(Saved entries)
----------------
definition R_negvar :: "nat \<Rightarrow> nat \<Rightarrow> leaf triple set" where
  "R_negvar n m = (\<Union>i\<in>{1..n}.
      {(B i, B' i, XB i 1), (B' i, XB i 1, YB i 1)}
    \<union> (\<Union>j\<in>{1..m-1}. {(XB i j, YB i j, XB i (j+1)), (YB i j, XB i (j+1), YB i (j+1))})
    \<union> {(XB i m, YB i m, B (i+1)), (XB i m, B (i+1), B' (i+1))})"

definition R_clause :: "nat \<Rightarrow> (nat \<Rightarrow> (nat \<times> bool) set) \<Rightarrow> leaf triple set" where
  "R_clause m Cl = (\<Union>j\<in>{1..m}.
      (\<Union>i\<in>{i. (i, True) \<in> Cl j}.
         {(Cc j, D j, X i j), (Cc j, X i j, Y i j), (Cc j, Y i j, Cc (j+1))})
    \<union> (\<Union>i\<in>{i. (i, False) \<in> Cl j}.
         {(Cc j, D j, XB i j), (Cc j, XB i j, YB i j), (Cc j, YB i j, Cc (j+1))})
    \<union> (if j < m then {(Cc j, Cc (j+1), D (j+1))} else {}))"

definition R_conn :: "nat \<Rightarrow> nat \<Rightarrow> leaf triple set" where
  "R_conn n m = {(Alpha, Beta, B 1), (Beta, B 1, B' 1), (B (n+1), B' (n+1), Cc 1),
                 (B' (n+1), Cc 1, D 1), (Cc m, Cc (m+1), Gamma)}"

definition R_constr :: "nat \<Rightarrow> nat \<Rightarrow> (nat \<Rightarrow> (nat \<times> bool) set) \<Rightarrow> leaf triple set" where
  "R_constr n m Cl = R_var n m \<union> R_negvar n m \<union> R_clause m Cl \<union> R_conn n m"

definition A_constr :: "nat \<Rightarrow> nat \<Rightarrow> (nat \<Rightarrow> (nat \<times> bool) set) \<Rightarrow> leaf hyperarc set" where
  "A_constr n m Cl = arc ` R_constr n m Cl"

end

theory Submission
  imports Defs
begin

text \<open>Read positions in a tree as nodes: a triple pq|r is displayed exactly when some
  common ancestor of p and q is not an ancestor of r. For the arc of a displayed triple
  pq|r, the common ancestors of p and r (resp. of q and r) are therefore common ancestors of
  p and q: walking along a path of such arcs, the set of common ancestors of the current
  tail only shrinks. The last arc of the path must be that of c_m c_(m+1)|\<gamma>, the only triple
  mentioning \<gamma>; a common ancestor of c_m and c_(m+1) outside the root path of \<gamma> is then also
  a common ancestor of \<alpha> and \<beta>, so \<alpha>\<beta>|\<gamma> is displayed. Neither the acyclicity of the path nor
  the shape of the clauses plays a role.\<close>

definition ancestors :: "'a tree \<Rightarrow> 'a \<Rightarrow> bool list set" where
  "ancestors T x = {w. \<exists>u. (x, u) \<in> leafpos T \<and> prefix w u}"

definition common_ancestors :: "'a tree \<Rightarrow> 'a set \<Rightarrow> bool list set" where
  "common_ancestors T U = (\<Inter>x\<in>U. ancestors T x)"

lemma in_leaves_iff_leafpos: "x \<in> set (leaves T) \<longleftrightarrow> (\<exists>u. (x, u) \<in> leafpos T)"
  by (induction T) auto

lemma leafpos_unique:
  assumes "phylo_tree T" and "(x, u) \<in> leafpos T" and "(x, u') \<in> leafpos T"
  shows "u = u'"
  using assms unfolding phylo_tree_def
proof (induction T arbitrary: u u')
  case (Leaf a)
  then show ?case by simp
next
  case (Node l r)
  have "set (leaves l) \<inter> set (leaves r) = {}"
    using Node.prems(1) by simp
  then have "x \<notin> set (leaves l) \<or> x \<notin> set (leaves r)"
    by blast
  then show ?case
    using Node by (auto simp: in_leaves_iff_leafpos)
qed

lemma ancestors_prefix_closed: "w \<in> ancestors T x \<Longrightarrow> prefix v w \<Longrightarrow> v \<in> ancestors T x"
  unfolding ancestors_def using prefix_order.trans by blast

lemma ancestors_linear:
  assumes "phylo_tree T" and "v \<in> ancestors T x" and "w \<in> ancestors T x"
  shows "prefix v w \<or> prefix w v"
proof -
  obtain u u' where "(x, u) \<in> leafpos T" "prefix v u" "(x, u') \<in> leafpos T" "prefix w u'"
    using assms(2,3) unfolding ancestors_def by blast
  then show ?thesis
    using leafpos_unique[OF assms(1)] prefix_same_cases by blast
qed

lemma tpath_rootpath_disjoint_iff:
  "tpath u v \<inter> rootpath w = {} \<longleftrightarrow> (\<exists>z. prefix z u \<and> prefix z v \<and> \<not> prefix z w)"
proof
  assume disjoint: "tpath u v \<inter> rootpath w = {}"
  let ?z = "longest_common_prefix u v"
  have "?z \<in> tpath u v"
    unfolding tpath_def
    using longest_common_prefix_prefix1 longest_common_prefix_max_prefix by blast
  with disjoint have "\<not> prefix ?z w"
    unfolding rootpath_def by blast
  then show "\<exists>z. prefix z u \<and> prefix z v \<and> \<not> prefix z w"
    using longest_common_prefix_prefix1 longest_common_prefix_prefix2 by blast
next
  assume "\<exists>z. prefix z u \<and> prefix z v \<and> \<not> prefix z w"
  then obtain z where "prefix z u" "prefix z v" "\<not> prefix z w"
    by blast
  then show "tpath u v \<inter> rootpath w = {}"
    unfolding tpath_def rootpath_def using prefix_order.trans by blast
qed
----------------
## TASK TO CARRY OUT
The required output is the lines from the one holding "longest_common_prefix_prefix2 by blast" through the last line of the entries above, copied exactly.

## FINISHED TASK
    using longest_common_prefix_prefix1 longest_common_prefix_prefix2 by blast
next
  assume "\<exists>z. prefix z u \<and> prefix z v \<and> \<not> prefix z w"
  then obtain z where "prefix z u" "prefix z v" "\<not> prefix z w"
    by blast
  then show "tpath u v \<inter> rootpath w = {}"
    unfolding tpath_def rootpath_def using prefix_order.trans by blast
qed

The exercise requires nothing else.